(* The north pole (resp. south pole) of the shape sphere $M^\ast$, i.e. the geometric center of the hemisphere $M^\ast_+$ of positively oriented shapes (resp. $M^\ast_-$ of negatively oriented shapes), is the shape of the positively (resp. negatively) oriented m-triangle with $I=1$ whose individual moments of inertia equal the dual masses: $I_j=\frac12(1-m_j)$, $j=1,2,3$.
   Context: Masses $m_1,m_2,m_3>0$, $m_1+m_2+m_3=1$; m-triangles $(\mathbf a_1,\mathbf a_2,\mathbf a_3)$, $\mathbf a_i\in\mathbb R^3$, $\sum m_i\mathbf a_i=0$, with $I_j=m_j|\mathbf a_j|^2$ and $I=\sum I_j$. Oriented m-triangles carry a unit normal $\mathbf n$; a nondegenerate one is positively oriented if $(\mathbf a_1,\mathbf a_2,\mathbf n)$ is right-handed. The shape space $M^\ast$ (oriented m-triangles with $I=1$ modulo rotation), with the kinematic metric induced from $\sum m_i|d\mathbf a_i|^2$ via lifts of zero angular momentum, is a round sphere of radius $1/2$, divided by the equator of collinear shapes into the closed hemispheres $M^\ast_\pm$ of positively and negatively oriented shapes. *)

theory Defs
  imports "HOL-Analysis.Analysis" "HOL-Analysis.Cross3"
begin

definition admissible_masses :: "(nat \<Rightarrow> real) \<Rightarrow> bool" where
  "admissible_masses m \<longleftrightarrow> (\<forall>j\<in>{1..3}. m j > 0) \<and> (\<Sum>j\<in>{1..3}. m j) = 1"

definition m_triangle :: "(nat \<Rightarrow> real) \<Rightarrow> (nat \<Rightarrow> real^3) \<Rightarrow> bool" where
  "m_triangle m a \<longleftrightarrow> (\<Sum>j\<in>{1..3}. m j *\<^sub>R a j) = 0"

definition moment :: "(nat \<Rightarrow> real) \<Rightarrow> (nat \<Rightarrow> real^3) \<Rightarrow> nat \<Rightarrow> real" where
  "moment m a j = m j * (norm (a j))^2"

definition total_moment :: "(nat \<Rightarrow> real) \<Rightarrow> (nat \<Rightarrow> real^3) \<Rightarrow> real" where
  "total_moment m a = (\<Sum>j\<in>{1..3}. moment m a j)"

definition oriented_m_triangle :: "(nat \<Rightarrow> real) \<Rightarrow> (nat \<Rightarrow> real^3) \<Rightarrow> real^3 \<Rightarrow> bool" where
  "oriented_m_triangle m a n \<longleftrightarrow> m_triangle m a \<and> norm n = 1 \<and> (\<forall>j\<in>{1..3}. a j \<bullet> n = 0)"

text \<open>Positively / negatively oriented: (a1,a2,n) right- / left-handed (implies nondegenerate).\<close>
definition pos_oriented :: "(nat \<Rightarrow> real) \<Rightarrow> (nat \<Rightarrow> real^3) \<Rightarrow> real^3 \<Rightarrow> bool" where
  "pos_oriented m a n \<longleftrightarrow> oriented_m_triangle m a n \<and> (cross3 (a 1) (a 2)) \<bullet> n > 0"

definition neg_oriented :: "(nat \<Rightarrow> real) \<Rightarrow> (nat \<Rightarrow> real^3) \<Rightarrow> real^3 \<Rightarrow> bool" where
  "neg_oriented m a n \<longleftrightarrow> oriented_m_triangle m a n \<and> (cross3 (a 1) (a 2)) \<bullet> n < 0"

definition collinear_m_triangle :: "(nat \<Rightarrow> real) \<Rightarrow> (nat \<Rightarrow> real^3) \<Rightarrow> bool" where
  "collinear_m_triangle m a \<longleftrightarrow> m_triangle m a \<and> (\<exists>u. \<forall>j\<in>{1..3}. \<exists>t. a j = t *\<^sub>R u)"

definition rotations :: "(real^3^3) set" where
  "rotations = {R. orthogonal_matrix R \<and> det R = 1}"

text \<open>Kinematic distance in shape space between (shapes of) m-triangles with I = 1:
  the quotient by rotations of the great-circle distance on the unit sphere
  I = 1 for the mass inner product.\<close>
definition shape_dist :: "(nat \<Rightarrow> real) \<Rightarrow> (nat \<Rightarrow> real^3) \<Rightarrow> (nat \<Rightarrow> real^3) \<Rightarrow> real" where
  "shape_dist m a b =
     arccos (SUP R\<in>rotations. (\<Sum>j\<in>{1..3}. m j * (a j \<bullet> (R *v b j))))"

text \<open>The shape of an oriented m-triangle with I = 1 is the geometric centre of its
  (closed) hemisphere iff it lies at distance pi/4 (a quarter great circle of the
  sphere of radius 1/2) from every shape on the equator of collinear shapes.\<close>
definition hemisphere_center :: "(nat \<Rightarrow> real) \<Rightarrow> (nat \<Rightarrow> real^3) \<Rightarrow> bool" where
  "hemisphere_center m a \<longleftrightarrow> total_moment m a = 1 \<and>
     (\<forall>b. collinear_m_triangle m b \<and> total_moment m b = 1 \<longrightarrow> shape_dist m a b = pi / 4)"

end

(*
  For a collinear shape b_j = t_j u the supremum over rotations in the kinematic distance is
  |u| |sum_j m_j t_j a_j|, so a is the centre of its hemisphere iff
  |sum_j m_j t_j a_j|^2 = (sum_j m_j t_j^2) / 2 for all weights t with sum_j m_j t_j = 0.
  The weights t_j = [j = i] - m_i turn this into m_i |a_i|^2 = (1 - m_i) / 2.  Conversely,
  these moments together with sum_j m_j a_j = 0 force a_i . a_j = -1/2 for i <> j, and
  then the identity holds for all t.  A triangle with these moments is
  a_j = (e_j / sqrt m_j - s) / sqrt 2 with s = (sqrt m_1, sqrt m_2, sqrt m_3); its normal is +s
  or -s, according to the orientation.
*)
theory Submission
  imports Defs
begin

lemma sum_1_to_3: "(\<Sum>j\<in>{1..3::nat}. f j) = f 1 + f 2 + f 3"
proof -
  have "{1..3::nat} = {1, 2, 3}" by auto
  then show ?thesis by (simp add: add.assoc)
qed

lemma admissible_massesD:
  assumes "admissible_masses m"
  shows "m 1 > 0" "m 2 > 0" "m 3 > 0" "m 1 + m 2 + m 3 = 1"
  using assms unfolding admissible_masses_def sum_1_to_3 by auto

lemma norm_rotation_mult: "R \<in> rotations \<Longrightarrow> norm (R *v u) = norm u"
  by (simp add: rotations_def orthogonal_transformation_matrix orthogonal_transformation_norm)

lemma Sup_rotations_inner:
  fixes u v :: "real^3"
  shows "(SUP R\<in>rotations. v \<bullet> (R *v u)) = norm v * norm u"
proof (rule cSup_eq_maximum)
  show "x \<le> norm v * norm u" if "x \<in> (\<lambda>R. v \<bullet> (R *v u)) ` rotations" for x
  proof -
    from that obtain R where "R \<in> rotations" "x = v \<bullet> (R *v u)" by blast
    then show ?thesis using norm_cauchy_schwarz[of v "R *v u"] by (simp add: norm_rotation_mult)
  qed
  show "norm v * norm u \<in> (\<lambda>R. v \<bullet> (R *v u)) ` rotations"
  proof (cases "v = 0")
    case True
    have "mat 1 \<in> rotations"
      by (simp add: rotations_def orthogonal_matrix_id)
    with True show ?thesis by force
  next
    case False
    obtain f where f: "orthogonal_transformation f" "det (matrix f) = 1"
      "f u = (norm u / norm v) *\<^sub>R v"
      using rotation_exists[of u "(norm u / norm v) *\<^sub>R v"] False by force
    then have "matrix f \<in> rotations" "matrix f *v u = (norm u / norm v) *\<^sub>R v"
      by (auto simp: rotations_def orthogonal_transformation_matrix orthogonal_transformation_linear)
    moreover have "v \<bullet> ((norm u / norm v) *\<^sub>R v) = norm v * norm u"
      using False by (simp add: power2_norm_eq_inner[symmetric] power2_eq_square)
    ultimately show ?thesis by (metis image_eqI)
  qed
qed

definition mass_combination ::
    "(nat \<Rightarrow> real) \<Rightarrow> (nat \<Rightarrow> real^3) \<Rightarrow> (nat \<Rightarrow> real) \<Rightarrow> real^3"
  where "mass_combination m a t = (\<Sum>j\<in>{1..3}. (m j * t j) *\<^sub>R a j)"

lemma mass_combination_scale:
  "mass_combination m a (\<lambda>j. c * t j) = c *\<^sub>R mass_combination m a t"
  by (simp add: mass_combination_def scaleR_sum_right mult.left_commute)

lemma shape_dist_collinear:
  assumes "\<forall>j\<in>{1..3}. b j = t j *\<^sub>R u"
  shows "shape_dist m a b = arccos (norm (mass_combination m a t) * norm u)"
proof -
  have "(\<Sum>j\<in>{1..3}. m j * (a j \<bullet> (R *v b j))) = mass_combination m a t \<bullet> (R *v u)" for R
    using assms by (simp add: mass_combination_def inner_sum_left matrix_vector_mult_scaleR mult.assoc)
  then show ?thesis
    by (simp add: shape_dist_def Sup_rotations_inner)
qed

lemma norm_mass_combination_le:
  assumes "\<forall>j\<in>{1..3}. m j \<ge> 0"
  shows "(norm (mass_combination m a t))\<^sup>2 \<le> (\<Sum>j\<in>{1..3}. m j * (t j)\<^sup>2) * total_moment m a"
proof -
  have "norm ((m j * t j) *\<^sub>R a j) = (sqrt (m j) * \<bar>t j\<bar>) * (sqrt (m j) * norm (a j))"
    if "j \<in> {1..3}" for j
  proof -
    have "(sqrt (m j) * \<bar>t j\<bar>) * (sqrt (m j) * norm (a j))
        = (sqrt (m j) * sqrt (m j)) * (\<bar>t j\<bar> * norm (a j))"
      by (simp only: mult_ac)
    then show ?thesis
      using assms that by (simp add: abs_mult)
  qed
  then have "norm (mass_combination m a t) \<le> (\<Sum>j\<in>{1..3}. (sqrt (m j) * \<bar>t j\<bar>) * (sqrt (m j) * norm (a j)))"
    unfolding mass_combination_def by (metis (no_types, lifting) norm_sum sum.cong)
  then have "(norm (mass_combination m a t))\<^sup>2
      \<le> (\<Sum>j\<in>{1..3}. (sqrt (m j) * \<bar>t j\<bar>) * (sqrt (m j) * norm (a j)))\<^sup>2"
    by (simp add: power_mono)
  also have "\<dots> \<le> (\<Sum>j\<in>{1..3}. (sqrt (m j) * \<bar>t j\<bar>)\<^sup>2)
      * (\<Sum>j\<in>{1..3}. (sqrt (m j) * norm (a j))\<^sup>2)"
    by (rule Cauchy_Schwarz_ineq_sum)
  also have "\<dots> = (\<Sum>j\<in>{1..3}. m j * (t j)\<^sup>2) * total_moment m a"
    using assms by (simp add: total_moment_def moment_def power_mult_distrib)
  finally show ?thesis .
qed
(* Let $\mathscr{H}$ be a Hilbert space, let $\mathscr{X}$ be a Hilbert $\mathbb{K}(\mathscr{H})$-module with an orthonormal basis $(u_\lambda)_{\lambda\in\Lambda}$, and let $(\eta_\lambda)_{\lambda\in\Lambda}$ be an arbitrary family of unit vectors in $\mathscr{H}$. Then there exists an orthonormal basis $(v_\lambda)_{\lambda\in\Lambda}$ of $\mathscr{X}$ such that $\langle v_\lambda,v_\lambda\rangle=\theta_{\eta_\lambda,\eta_\lambda}$ for each $\lambda\in\Lambda$.
   Context: $\mathbb{K}(\mathscr{H})$ is the $C^*$-algebra of compact operators on $\mathscr{H}$; for $\xi,\eta\in\mathscr{H}$, $\theta_{\xi,\eta}$ is the rank-one operator $\zeta\mapsto\xi\langle\eta,\zeta\rangle$. An element $u$ of a Hilbert $\mathfrak{A}$-module is a basic vector if $e=\langle u,u\rangle$ is a minimal projection of $\mathfrak{A}$ ($e\mathfrak{A}e=\mathbb{C}e$); in $\mathbb{K}(\mathscr{H})$ these are exactly $\theta_{\xi,\xi}$ with $\xi$ a unit vector. A family $(u_\lambda)$ is an orthonormal system if each $u_\lambda$ is a basic vector and $\langle u_\lambda,u_\mu\rangle=0$ for $\lambda\ne\mu$; it is an orthonormal basis if moreover it generates a dense submodule, equivalently $x=\sum_\lambda u_\lambda\langle u_\lambda,x\rangle$ for every $x\in\mathscr{X}$. *)

theory Defs
  imports "HOL-Analysis.Analysis"
begin

class cvector = ab_group_add +
  fixes cscale :: "complex \<Rightarrow> 'a \<Rightarrow> 'a" (infixr \<open>*\<^sub>C\<close> 75)
  assumes cscale_add_right: "c *\<^sub>C (x + y) = c *\<^sub>C x + c *\<^sub>C y"
    and cscale_add_left: "(c + d) *\<^sub>C x = c *\<^sub>C x + d *\<^sub>C x"
    and cscale_cscale: "c *\<^sub>C (d *\<^sub>C x) = (c * d) *\<^sub>C x"
    and cscale_one: "1 *\<^sub>C x = x"

text \<open>Complex inner product space: the inner product is linear in the second
  argument and conjugate-linear in the first (as in the paper, where
  theta_{xi,eta} zeta = xi <eta,zeta>).\<close>
class cinner_space = cvector + real_normed_vector +
  fixes cinner :: "'a \<Rightarrow> 'a \<Rightarrow> complex"
  assumes cscale_of_real: "complex_of_real r *\<^sub>C x = r *\<^sub>R x"
    and cinner_add_right: "cinner x (y + z) = cinner x y + cinner x z"
    and cinner_cscale_right: "cinner x (c *\<^sub>C y) = c * cinner x y"
    and cinner_commute: "cinner y x = cnj (cinner x y)"
    and cinner_ge_zero: "Im (cinner x x) = 0 \<and> Re (cinner x x) \<ge> 0"
    and cinner_eq_zero_iff: "cinner x x = 0 \<longleftrightarrow> x = 0"
    and norm_eq_sqrt_cinner: "norm x = sqrt (Re (cinner x x))"

class chilbert_space = cinner_space + complete_space

definition clinear_op :: "('h::cvector \<Rightarrow> 'h) \<Rightarrow> bool" where
  "clinear_op T \<longleftrightarrow> (\<forall>x y. T (x + y) = T x + T y) \<and> (\<forall>c x. T (c *\<^sub>C x) = c *\<^sub>C T x)"

definition compact_op :: "('h::chilbert_space \<Rightarrow> 'h) \<Rightarrow> bool" where
  "compact_op T \<longleftrightarrow> clinear_op T \<and> compact (closure (T ` cball 0 1))"

definition theta :: "'h::cinner_space \<Rightarrow> 'h \<Rightarrow> 'h \<Rightarrow> 'h" where
  "theta \<xi> \<eta> = (\<lambda>\<zeta>. cinner \<eta> \<zeta> *\<^sub>C \<xi>)"

definition is_adjoint :: "('h::cinner_space \<Rightarrow> 'h) \<Rightarrow> ('h \<Rightarrow> 'h) \<Rightarrow> bool" where
  "is_adjoint S T \<longleftrightarrow> (\<forall>\<xi> \<eta>. cinner (T \<xi>) \<eta> = cinner \<xi> (S \<eta>))"

definition positive_op :: "('h::cinner_space \<Rightarrow> 'h) \<Rightarrow> bool" where
  "positive_op T \<longleftrightarrow> (\<forall>\<xi>. Im (cinner \<xi> (T \<xi>)) = 0 \<and> Re (cinner \<xi> (T \<xi>)) \<ge> 0)"

definition mnorm :: "('x \<Rightarrow> 'x \<Rightarrow> ('h::chilbert_space \<Rightarrow> 'h)) \<Rightarrow> 'x \<Rightarrow> real" where
  "mnorm ip x = sqrt (onorm (ip x x))"

text \<open>A Hilbert K(H)-module: a complex vector space 'x with a right action
  act x a = x a of K(H) and a K(H)-valued inner product ip x y = <x,y>,
  complete for the induced norm.\<close>
definition hilbert_KH_module ::
  "('x::cvector \<Rightarrow> ('h::chilbert_space \<Rightarrow> 'h) \<Rightarrow> 'x) \<Rightarrow> ('x \<Rightarrow> 'x \<Rightarrow> ('h \<Rightarrow> 'h)) \<Rightarrow> bool" where
  "hilbert_KH_module act ip \<longleftrightarrow>
     \<comment> \<open>right K(H)-module structure, compatible with complex scalars\<close>
     (\<forall>x y a. compact_op a \<longrightarrow> act (x + y) a = act x a + act y a) \<and>
     (\<forall>x a b. compact_op a \<longrightarrow> compact_op b \<longrightarrow> act x (\<lambda>\<xi>. a \<xi> + b \<xi>) = act x a + act x b) \<and>
     (\<forall>x a b. compact_op a \<longrightarrow> compact_op b \<longrightarrow> act (act x a) b = act x (a \<circ> b)) \<and>
     (\<forall>c x a. compact_op a \<longrightarrow> act (c *\<^sub>C x) a = c *\<^sub>C act x a) \<and>
     (\<forall>c x a. compact_op a \<longrightarrow> act x (\<lambda>\<xi>. c *\<^sub>C a \<xi>) = c *\<^sub>C act x a) \<and>
     \<comment> \<open>K(H)-valued inner product\<close>
     (\<forall>x y. compact_op (ip x y)) \<and>
     (\<forall>x y z \<xi>. ip x (y + z) \<xi> = ip x y \<xi> + ip x z \<xi>) \<and>
     (\<forall>x y c \<xi>. ip x (c *\<^sub>C y) \<xi> = c *\<^sub>C ip x y \<xi>) \<and>
     (\<forall>x y a. compact_op a \<longrightarrow> ip x (act y a) = ip x y \<circ> a) \<and>
     (\<forall>x y. is_adjoint (ip y x) (ip x y)) \<and>
     (\<forall>x. positive_op (ip x x)) \<and>
     (\<forall>x. ip x x = (\<lambda>_. 0) \<longrightarrow> x = 0) \<and>
     \<comment> \<open>completeness with respect to the norm ||<x,x>||^(1/2)\<close>
     (\<forall>s :: nat \<Rightarrow> 'x.
        (\<forall>e>0. \<exists>N. \<forall>m\<ge>N. \<forall>n\<ge>N. mnorm ip (s m - s n) < e) \<longrightarrow>
        (\<exists>l. \<forall>e>0. \<exists>N. \<forall>n\<ge>N. mnorm ip (s n - l) < e))"

definition minimal_projection :: "('h::chilbert_space \<Rightarrow> 'h) \<Rightarrow> bool" where
  "minimal_projection e \<longleftrightarrow> compact_op e \<and> e \<circ> e = e \<and> is_adjoint e e \<and> e \<noteq> (\<lambda>_. 0) \<and>
     (\<forall>a. compact_op a \<longrightarrow> (\<exists>c. e \<circ> a \<circ> e = (\<lambda>\<xi>. c *\<^sub>C e \<xi>)))"

definition basic_vector :: "('x \<Rightarrow> 'x \<Rightarrow> ('h::chilbert_space \<Rightarrow> 'h)) \<Rightarrow> 'x \<Rightarrow> bool" where
  "basic_vector ip u \<longleftrightarrow> minimal_projection (ip u u)"

definition orthonormal_system ::
  "('x \<Rightarrow> 'x \<Rightarrow> ('h::chilbert_space \<Rightarrow> 'h)) \<Rightarrow> 'i set \<Rightarrow> ('i \<Rightarrow> 'x) \<Rightarrow> bool" where
  "orthonormal_system ip \<Lambda> u \<longleftrightarrow>
     (\<forall>l\<in>\<Lambda>. basic_vector ip (u l)) \<and>
     (\<forall>l\<in>\<Lambda>. \<forall>m\<in>\<Lambda>. l \<noteq> m \<longrightarrow> ip (u l) (u m) = (\<lambda>_. 0))"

________________

** What you are asked to do **
Begin at the line above that has "x b) \<and>" and stop after the line that has "(\<forall>x y z", copying each line exactly and adding nothing else.

** Result **
     (\<forall>x a b. compact_op a \<longrightarrow> compact_op b \<longrightarrow> act x (\<lambda>\<xi>. a \<xi> + b \<xi>) = act x a + act x b) \<and>
     (\<forall>x a b. compact_op a \<longrightarrow> compact_op b \<longrightarrow> act (act x a) b = act x (a \<circ> b)) \<and>
     (\<forall>c x a. compact_op a \<longrightarrow> act (c *\<^sub>C x) a = c *\<^sub>C act x a) \<and>
     (\<forall>c x a. compact_op a \<longrightarrow> act x (\<lambda>\<xi>. c *\<^sub>C a \<xi>) = c *\<^sub>C act x a) \<and>
     \<comment> \<open>K(H)-valued inner product\<close>
     (\<forall>x y. compact_op (ip x y)) \<and>
     (\<forall>x y z \<xi>. ip x (y + z) \<xi> = ip x y \<xi> + ip x z \<xi>) \<and>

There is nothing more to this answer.